Introduction: Bone sialoprotein (BSP) is an RGD (Arginine-Glycine-Aspartate) containing non-collagenous extracellular matrix (ECM) protein that is extensively post-translationally modified, predominantly with glycosylated and phosphorylated residues. BSP plays a major role in bone mineralisation and this is thought to exert RGD and non-RGD effects on bone cells. In vivo studies have shown that BSP induces new bone formation in rat critical calvarial defects and that the state of phosphorylation of BSP and OPN changes during the healing of bone defects. We hypothesised that variable BSP phosphorylation was a determinant of bone turnover.
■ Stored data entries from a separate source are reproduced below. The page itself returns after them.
text \<open>Almost complex structure J of the structure: J e_{2k+1} = e_{2k+2},
J e_{2k+2} = -e_{2k+1} on the dual frame, acting on forms by (J alpha)(X,..) = alpha(JX,..);
on the coframe: J e^{2k+1} = - e^{2k+2}, J e^{2k+2} = e^{2k+1}.
J acts on decomposable forms factorwise, so J eta^t is the wedge of the J-images.\<close>
definition J_eta_f :: "(nat \<Rightarrow> nat \<Rightarrow> real) \<Rightarrow> real \<Rightarrow> nat list \<Rightarrow> real" where
  "J_eta_f th t = wedges (map (\<lambda>k. (\<lambda>i. - cos t * th (2*k+1) i + sin t * th (2*k) i)) [0,1,2])"

definition gamma_hat_f :: "(nat \<Rightarrow> nat \<Rightarrow> real) \<Rightarrow> nat list \<Rightarrow> real" where
  "gamma_hat_f th js = 4/3 * (J_eta_f th 0 js + J_eta_f th (2*pi/3) js + J_eta_f th (-2*pi/3) js)"

definition wedge3 :: "(nat \<Rightarrow> nat \<Rightarrow> real) \<Rightarrow> nat \<Rightarrow> nat \<Rightarrow> nat \<Rightarrow> nat list \<Rightarrow> real" where
  "wedge3 th a b d = wedges [th a, th b, th d]"

text \<open>SO(3)-structure defined by the coframe th on the Lie algebra c has invariant
intrinsic torsion with parameters l1..l4 (paper indices shifted: e^{235} = wedge3 th 1 2 4).\<close>
definition inv_torsion ::
  "(nat \<Rightarrow> nat \<Rightarrow> nat \<Rightarrow> real) \<Rightarrow> (nat \<Rightarrow> nat \<Rightarrow> real) \<Rightarrow> real \<Rightarrow> real \<Rightarrow> real \<Rightarrow> real \<Rightarrow> bool" where
  "inv_torsion c th l1 l2 l3 l4 \<longleftrightarrow>
     form_eq 4 (dform c (eta0_f th)) (\<lambda>js. - (1/2) * l4 * sigma2_f th js) \<and>
     form_eq 4 (dform c (eta1_f th))
        (\<lambda>js. (1/16) * (3* sqrt 3*l1 + 3*l2 + sqrt 3*l3 + l4) * sigma2_f th js) \<and>
     form_eq 4 (dform c (eta2_f th))
        (\<lambda>js. - (1/16) * (3* sqrt 3*l1 - 3*l2 + sqrt 3*l3 - l4) * sigma2_f th js) \<and>
     form_eq 4 (dform c (gamma_hat_f th)) (\<lambda>js. (1/2) * (l3 - l1) * sigma2_f th js) \<and>
     form_eq 3 (dform c (sigma_f th))
        (\<lambda>js. (3/4) * (l1 - l3) * gamma_f th js + (3/4) * (l2 - l4) * gamma_hat_f th js
            + (1/4) * (l2 + 3*l4) * (wedge3 th 1 2 4 js + wedge3 th 0 3 4 js
                                      + wedge3 th 0 2 5 js + 3 * wedge3 th 1 3 5 js)
            + (1/4) * (3*l1 + l3) * (wedge3 th 1 3 4 js + wedge3 th 0 3 5 js
                                      + wedge3 th 1 2 5 js + 3 * wedge3 th 0 2 4 js))"

definition cubic :: "real \<Rightarrow> real \<Rightarrow> real \<Rightarrow> real \<Rightarrow> real \<Rightarrow> real \<Rightarrow> real" where
  "cubic l1 l2 l3 l4 u1 u2 = l1*u1^3 + l2*u1^2*u2 + l3*u1*u2^2 + l4*u2^3"

definition half_flat :: "(nat \<Rightarrow> nat \<Rightarrow> nat \<Rightarrow> real) \<Rightarrow> (nat \<Rightarrow> nat \<Rightarrow> real) \<Rightarrow> bool" where
  "half_flat c th \<longleftrightarrow> (\<exists>l1 l2 l3 l4. inv_torsion c th l1 l2 l3 l4 \<and> l2 = l4)"

definition hermitian :: "(nat \<Rightarrow> nat \<Rightarrow> nat \<Rightarrow> real) \<Rightarrow> (nat \<Rightarrow> nat \<Rightarrow> real) \<Rightarrow> bool" where
  "hermitian c th \<longleftrightarrow> (\<exists>l1 l2 l3 l4. inv_torsion c th l1 l2 l3 l4 \<and> l2 = l4 \<and> l1 = l3)"

text \<open>The coframe of u itself (reference coframe e^1..e^6).\<close>
definition std_coframe :: "nat \<Rightarrow> nat \<Rightarrow> real" where
  "std_coframe a i = (if a = i then 1 else 0)"

text \<open>Coframe of u g^{-1}: x e^1 + y e^2, z e^1 + w e^2, x e^3 + y e^4, ...\<close>
definition new_coframe :: "real \<Rightarrow> real \<Rightarrow> real \<Rightarrow> real \<Rightarrow> nat \<Rightarrow> nat \<Rightarrow> real" where
  "new_coframe x y z w a i =
     (if even a then x * std_coframe (a) i + y * std_coframe (a+1) i
      else z * std_coframe (a-1) i + w * std_coframe a i)"

end

theory Submission
  imports Defs
begin

text \<open>
The forms \<open>\<eta>\<^sup>\<theta>\<close> and \<open>J\<eta>\<^sup>\<theta>\<close> are values of the cubic form-valued polynomial
\<open>\<Phi>(s,t) = (s e\<^sup>1 + t e\<^sup>2) \<and> (s e\<^sup>3 + t e\<^sup>4) \<and> (s e\<^sup>5 + t e\<^sup>6)\<close>, namely
\<open>\<eta>\<^sup>\<theta> = \<Phi>(cos \<theta>, sin \<theta>)\<close> and \<open>J\<eta>\<^sup>\<theta> = \<Phi>(sin \<theta>, -cos \<theta>)\<close>. Writing \<open>\<psi>\<^sub>0, \<dots>, \<psi>\<^sub>3\<close> for
the coefficients of \<open>\<Phi>\<close>, the defining equations of invariant intrinsic torsion are
equivalent to \<open>d\<Phi>(s,t) = \<onehalf> p(t,-s) \<sigma>\<^sup>2\<close> together with
\<open>d\<sigma> = 3\<lambda>\<^sub>1\<psi>\<^sub>0 + \<lambda>\<^sub>2\<psi>\<^sub>1 + \<lambda>\<^sub>3\<psi>\<^sub>2 + 3\<lambda>\<^sub>4\<psi>\<^sub>3\<close>. The coframe of \<open>ug\<^sup>-\<^sup>1\<close> has
\<open>\<Phi>'(s,t) = \<Phi>(xs + zt, ys + wt)\<close> and \<open>\<sigma>' = (det g) \<sigma>\<close>, so it again has invariant
intrinsic torsion, with cubic \<open>p'(u\<^sub>1,u\<^sub>2) = p(w u\<^sub>1 - y u\<^sub>2, -z u\<^sub>1 + x u\<^sub>2) / (det g)\<^sup>2\<close>.
Since \<open>\<sigma>\<^sup>2 \<noteq> 0\<close> the parameters \<open>\<lambda>\<^sub>i\<close> are determined by the structure, and the two
conditions of the theorem are \<open>(det g)\<^sup>2 (\<lambda>'\<^sub>2 - \<lambda>'\<^sub>4)\<close> and \<open>(det g)\<^sup>2 (\<lambda>'\<^sub>1 - \<lambda>'\<^sub>3)\<close>.
\<close>

lemma sign_transpose_compose:
  "permutation q \<Longrightarrow> sign (Transposition.transpose a b \<circ> q) = (if a = b then 1 else -1) * sign q"
  by (simp add: sign_compose permutation_swap_id sign_swap_id)

lemma permutation_transpose_compose:
  "permutation q \<Longrightarrow> permutation (Transposition.transpose a b \<circ> q)"
  by (simp add: permutation_compose permutation_swap_id)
Methods: We adopted an ex vivo approach utilising neonatal mouse calvarial organ culture systems to test this hypothesis and utilised PTH (parathormone) treated mouse calvarial organ cultures to assess the effect of native BSP (phosphorylated) and dephosphorylated BSP on osteoclastogenesis. Seven day old outbred CD1 mice calvarial bone explants were incubated in culture media with 10nM PTH containing native or dephosphorylated BSP. Arsenazo III microplate calcium assays on the media and alkaline phosphatase and tartrate resistant acid phosphatase (TRAP) microplate assays were performed on calvarial lysates. At the end of culture, calvaria were fixed in 10% neutral buffered formalin and stained with H& E, von Kossa or Neutral Red.
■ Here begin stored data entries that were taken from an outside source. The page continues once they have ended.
(* Let $n\ge 1$ and $m\ge 1$ be integers and let $H_m(\mathbb B)$ be the analytic functional Hilbert space on the open unit ball $\mathbb B\subset\mathbb C^n$ with reproducing kernel $K_m(z,w)=(1-\langle z,w\rangle)^{-m}$. For each multiindex $\gamma\in\mathbb N^n$, with $M_z^\gamma=M_{z_1}^{\gamma_1}\cdots M_{z_n}^{\gamma_n}\in L(H_m(\mathbb B))$, \[ M^{\prime *}_z (M^{\gamma}_z) M^\prime_z = P_{{\rm Im}M^*_z}\Big(\oplus\sum^{m-1}_{j=0}(-1)^j\binom{m}{j+1}\sigma^j_{M_z}(M^{\gamma}_z)\Big)P_{{\rm Im}M^*_z}. \]
   Context: $H_m(\mathbb B)=\{f=\sum_{\alpha\in\mathbb N^n}f_\alpha z^\alpha\in\mathcal O(\mathbb B):\ \|f\|^2=\sum_\alpha |f_\alpha|^2/\rho_m(\alpha)<\infty\}$ with $\rho_m(\alpha)=\frac{(m+|\alpha|-1)!}{\alpha!(m-1)!}$. $M_{z_i}$ is multiplication by $z_i$ on $H_m(\mathbb B)$. Let $\mathbb H_k$ denote the space of homogeneous polynomials of degree $k$, so $H_m(\mathbb B)$ is the orthogonal sum of the $\mathbb H_k$, and every $f$ has homogeneous expansion $f=\sum_k f_k$, $f_k\in\mathbb H_k$. $M_z:H_m(\mathbb B)^n\to H_m(\mathbb B)$, $(f_i)\mapsto\sum_i z_if_i$, is the row multiplication operator (it has closed range), $M_z^*:H_m(\mathbb B)\to H_m(\mathbb B)^n$, $f\mapsto (M_{z_i}^*f)_i$, is its adjoint, and $P_{{\rm Im}M_z^*}$ is the orthogonal projection of $H_m(\mathbb B)^n$ onto the closed range of $M_z^*$. Let $\delta\in L(H_m(\mathbb B))$ be the diagonal operator $\delta(\sum_k f_k)=f_0+\sum_{k\ge1}\frac{m+k-1}{k}f_k$, and define $M_z'=\delta M_z:H_m(\mathbb B)^n\to H_m(\mathbb B)$, with adjoint $M_z'^*$. For $X\in L(H_m(\mathbb B))$, $\sigma_{M_z}(X)=\sum_{i=1}^n M_{z_i}XM_{z_i}^*$, $\sigma^j_{M_z}$ is its $j$-th iterate ($\sigma^0_{M_z}(X)=X$), and $\oplus X$ denotes $X\oplus\cdots\oplus X$ ($n$ copies) on $H_m(\mathbb B)^n$. *)

theory Defs
  imports "HOL-Analysis.Analysis"
begin

text \<open>Model: the coordinates of C^n are indexed by a finite type 'n (n = CARD('n) >= 1).
  An element of H_m(B) is identified with its family of Taylor coefficients
  f :: ('n => nat) => complex (multiindex alpha |-> f_alpha).\<close>

type_synonym 'n coeffs = "('n \<Rightarrow> nat) \<Rightarrow> complex"

definition mabs :: "('n::finite \<Rightarrow> nat) \<Rightarrow> nat" where
  "mabs \<alpha> = (\<Sum>i\<in>UNIV. \<alpha> i)"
Results: The cumulative release of calcium in response to PTH did not change significantly, in the presence of native BSP whereas in the presence of dephosphorylated BSP the calcium release was significantly (p< 0.001) inhibited, 3.1 μmol/ml +/− 0.2 and 1.5 μmol +/− 0.1. TRAP enzyme activity measurements on calvarial lysates were consistent with the above results. Histology showed readily apparent differences in osteoclastic activity on H& E, von Kossa and Neutral Red staining.
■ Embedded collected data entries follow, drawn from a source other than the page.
lemma kripke_sat_filtration:
  assumes agree: "\<And>a b \<chi>. h a = h b \<Longrightarrow> \<chi> \<in> psub \<psi> \<Longrightarrow> kripke_sat R V a \<chi> = kripke_sat R V b \<chi>"
  shows "psub \<phi> \<subseteq> psub \<psi> \<Longrightarrow>
    kripke_sat (\<lambda>i. map_prod h h ` R i) (\<lambda>k. h ` V k) (h a) \<phi> = kripke_sat R V a \<phi>"
proof (induction \<phi> arbitrary: a)
  case (PAt k)
  have "a \<in> V k" if "b \<in> V k" "h b = h a" for b
    using agree[OF that(2), of "PAt k"] PAt.prems that(1) by simp
  then show ?case by auto
next
  case (PNeg \<phi>)
  then show ?case by simp
next
  case (PImp \<phi>1 \<phi>2)
  then show ?case by simp
next
  case (PBox i \<phi>)
  then have IH: "\<And>b. kripke_sat (\<lambda>i. map_prod h h ` R i) (\<lambda>k. h ` V k) (h b) \<phi> = kripke_sat R V b \<phi>"
    and box: "PBox i \<phi> \<in> psub \<psi>" by auto
  show ?case
  proof
    assume box_h: "kripke_sat (\<lambda>i. map_prod h h ` R i) (\<lambda>k. h ` V k) (h a) (PBox i \<phi>)"
    have "kripke_sat R V b \<phi>" if "(a, b) \<in> R i" for b
    proof -
      have "(h a, h b) \<in> map_prod h h ` R i" using that by (rule map_prod_imageI)
      then have "kripke_sat (\<lambda>i. map_prod h h ` R i) (\<lambda>k. h ` V k) (h b) \<phi>"
        using box_h by auto
      then show ?thesis using IH by simp
    qed
    then show "kripke_sat R V a (PBox i \<phi>)" by simp
  next
    assume a: "kripke_sat R V a (PBox i \<phi>)"
    have "kripke_sat R V b \<phi>" if "(a', b) \<in> R i" "h a' = h a" for a' b
      using agree[OF that(2) box] a that(1) by simp
    then show "kripke_sat (\<lambda>i. map_prod h h ` R i) (\<lambda>k. h ` V k) (h a) (PBox i \<phi>)"
      using IH by auto
  qed
qed

lemma pvalid_imp_kripke_sat:
  assumes "pvalid \<psi>"
  shows "kripke_sat R V a \<psi>"
proof -
  define g where "g u = {\<chi> \<in> psub \<psi>. kripke_sat R V u \<chi>}" for u
  define h where "h = to_nat_on (range g) \<circ> g"
  have "range g \<subseteq> Pow (psub \<psi>)" by (auto simp: g_def)
  then have "countable (range g)"
    by (meson countable_finite finite_Pow_iff finite_psub finite_subset)
  then have g_eq: "g u = g u'" if "h u = h u'" for u u'
    using that inj_on_to_nat_on unfolding h_def by (auto dest: inj_onD)
  have agree: "kripke_sat R V u \<chi> = kripke_sat R V u' \<chi>"
    if "h u = h u'" "\<chi> \<in> psub \<psi>" for u u' \<chi>
  proof -
    have "kripke_sat R V u \<chi> \<longleftrightarrow> \<chi> \<in> g u" using that(2) by (simp add: g_def)
    also have "\<dots> \<longleftrightarrow> \<chi> \<in> g u'" using g_eq[OF that(1)] by simp
    also have "\<dots> \<longleftrightarrow> kripke_sat R V u' \<chi>" using that(2) by (simp add: g_def)
    finally show ?thesis .
  qed
  have "psat (\<lambda>i. map_prod h h ` R i) (\<lambda>k. h ` V k) (h a) \<psi>"
    using assms unfolding pvalid_def by (auto dest: spec[of _ UNIV])
  then show ?thesis
    using kripke_sat_filtration[where h = h and \<psi> = \<psi>, OF agree] by (simp add: psat_eq_kripke_sat)
qed

lemma finite_tvars: "finite (tvars t)"
  by (induction t) auto

lemma finite_fv: "finite (fv \<phi>)"
  by (induction \<phi>) (auto simp: finite_tvars)

lemma vsort_fresh: "vsort (fresh s X) = s"
  by (simp add: fresh_def)

lemma fresh_notin:
  assumes "finite X"
  shows "fresh s X \<notin> X"
proof -
  have "infinite (range (Vr s))"
    by (rule range_inj_infinite) (simp add: inj_def)
  then have "\<not> range (Vr s) \<subseteq> X" using assms by (metis finite_subset)
  then have "\<exists>n. Vr s n \<notin> X" by (simp add: image_subset_iff)
  then show ?thesis unfolding fresh_def by (rule LeastI_ex)
qed

lemma teval_cong: "(\<And>x. x \<in> tvars t \<Longrightarrow> v x = v' x) \<Longrightarrow> teval I w v t = teval I w v' t"
proof (induction t)
  case (TF f ts)
  then have "map (teval I w v) ts = map (teval I w v') ts" by auto
  then show ?case by (simp only: teval.simps)
qed auto

lemma sat_cong: "(\<And>x. x \<in> fv \<phi> \<Longrightarrow> v x = v' x) \<Longrightarrow> sat R D I w v \<phi> = sat R D I w v' \<phi>"
proof (induction \<phi> arbitrary: v v' w)
  case (Eq t1 t2)
  have "teval I w v t1 = teval I w v' t1" "teval I w v t2 = teval I w v' t2"
    using Eq.prems by (auto intro: teval_cong)
  then show ?case by (simp only: sat.simps)
next
  case (Rel P ts)
  then have "map (teval I w v) ts = map (teval I w v') ts"
    by (auto intro: teval_cong)
  then show ?case by (simp only: sat.simps)
next
  case (Neg \<phi>)
  have "sat R D I w v \<phi> = sat R D I w v' \<phi>" using Neg.prems by (intro Neg.IH) simp
  then show ?case by (simp only: sat.simps)
next
  case (Imp \<phi> \<psi>)
  have "sat R D I w v \<phi> = sat R D I w v' \<phi>" using Imp.prems by (intro Imp.IH) simp
  moreover have "sat R D I w v \<psi> = sat R D I w v' \<psi>" using Imp.prems by (intro Imp.IH) simp
  ultimately show ?case by (simp only: sat.simps)
next
  case (All x \<phi>)
  have "\<And>d. sat R D I w (v(x := d)) \<phi> = sat R D I w (v'(x := d)) \<phi>"
    using All.prems by (intro All.IH) auto
  then show ?case by (simp only: sat.simps)
next
  case (Kn t \<phi>)
  have "teval I w v t = teval I w v' t" using Kn.prems by (intro teval_cong) auto
  moreover have "\<And>w'. sat R D I w' v \<phi> = sat R D I w' v' \<phi>"
    using Kn.prems by (intro Kn.IH) auto
  ultimately show ?case by (simp only: sat.simps)
qed

lemma teval_substt: "teval I w v (substt \<sigma> t) = teval I w (\<lambda>x. teval I w v (\<sigma> x)) t"
proof (induction t)
  case (TF f ts)
  then have "map (teval I w v \<circ> substt \<sigma>) ts = map (teval I w (\<lambda>x. teval I w v (\<sigma> x))) ts"
    by auto
  then show ?case by (simp only: teval.simps substt.simps map_map)
qed auto

lemma teval_substt_rename: "teval I w v (substt (TV \<circ> f) t) = teval I w (v \<circ> f) t"
  by (simp add: teval_substt comp_def)

(* Constants and function symbols are interpreted world by world, so substituting arbitrary terms
   does not commute with K_t; renamings of variables do. *)
lemma sat_subst_rename:
  fixes \<phi> :: "('c, 'f, 'p) fm"
  shows "sat R D I w v (subst (TV \<circ> f) \<phi>) = sat R D I w (v \<circ> f) \<phi>"
proof (induction \<phi> arbitrary: f v w)
  case (Eq t1 t2)
  show ?case by (simp only: subst.simps sat.simps teval_substt_rename)
next
  case (Rel P ts)
  have "map (teval I w v \<circ> substt (TV \<circ> f)) ts = map (teval I w (v \<circ> f)) ts"
    by (simp add: teval_substt_rename)
  then show ?case by (simp only: subst.simps sat.simps map_map)
next
  case (Neg \<phi>)
  show ?case by (simp only: subst.simps sat.simps Neg.IH)
next
  case (Imp \<phi> \<psi>)
  show ?case by (simp only: subst.simps sat.simps Imp.IH)
next
  case (All z \<phi>)
  define X where "X = (\<Union>u \<in> fv (All z \<phi>). tvars ((TV \<circ> f) u :: ('c, 'f) trm))"
  define z' where "z' = (if z \<in> X then fresh (vsort z) X else z)"
  have "finite X" unfolding X_def by (intro finite_UN_I finite_fv finite_tvars)
  then have z'_notin: "z' \<notin> X" using fresh_notin by (auto simp: z'_def)
  have renaming: "(TV \<circ> f)(z := TV z') = TV \<circ> f(z := z')" by auto
  have unfold: "subst (TV \<circ> f) (All z \<phi>) = All z' (subst (TV \<circ> f(z := z')) \<phi>)"
    unfolding renaming[symmetric] by (simp only: subst.simps X_def z'_def Let_def)
  have sort: "vsort z' = vsort z" by (simp add: z'_def vsort_fresh)
  have "sat R D I w (v(z' := d) \<circ> f(z := z')) \<phi> = sat R D I w ((v \<circ> f)(z := d)) \<phi>" for d
    by (rule sat_cong) (use z'_notin in \<open>auto simp: X_def\<close>)
  then show ?case by (simp only: unfold sort sat.simps All.IH)
next
  case (Kn t \<phi>)
  show ?case by (simp only: subst.simps sat.simps Kn.IH teval_substt_rename)
qed

lemma sat_substitute_var: "sat R D I w v (substitute \<phi> (TV y) x) = sat R D I w (v(x := v y)) \<phi>"
proof -
  have renaming: "TV(x := TV y) = TV \<circ> id(x := y)" by auto
  have "sat R D I w v (substitute \<phi> (TV y) x) = sat R D I w (v \<circ> id(x := y)) \<phi>"
    by (simp only: substitute_def renaming sat_subst_rename)
  also have "v \<circ> id(x := y) = v(x := v y)" by auto
  finally show ?thesis .
qed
Discussion: BSP can inhibit osteoclast formation and activity, and this appears to be dependent on its state of phosphorylation. The dephosphorylation of ECM proteins by bone phosphatases is proposed as an auto-regulatory mechanism during bone turnover. Loss of organic phosphate with aging or disease may disturb auto-regulatory mechanisms of bone turnover leading to pathologic bone disease.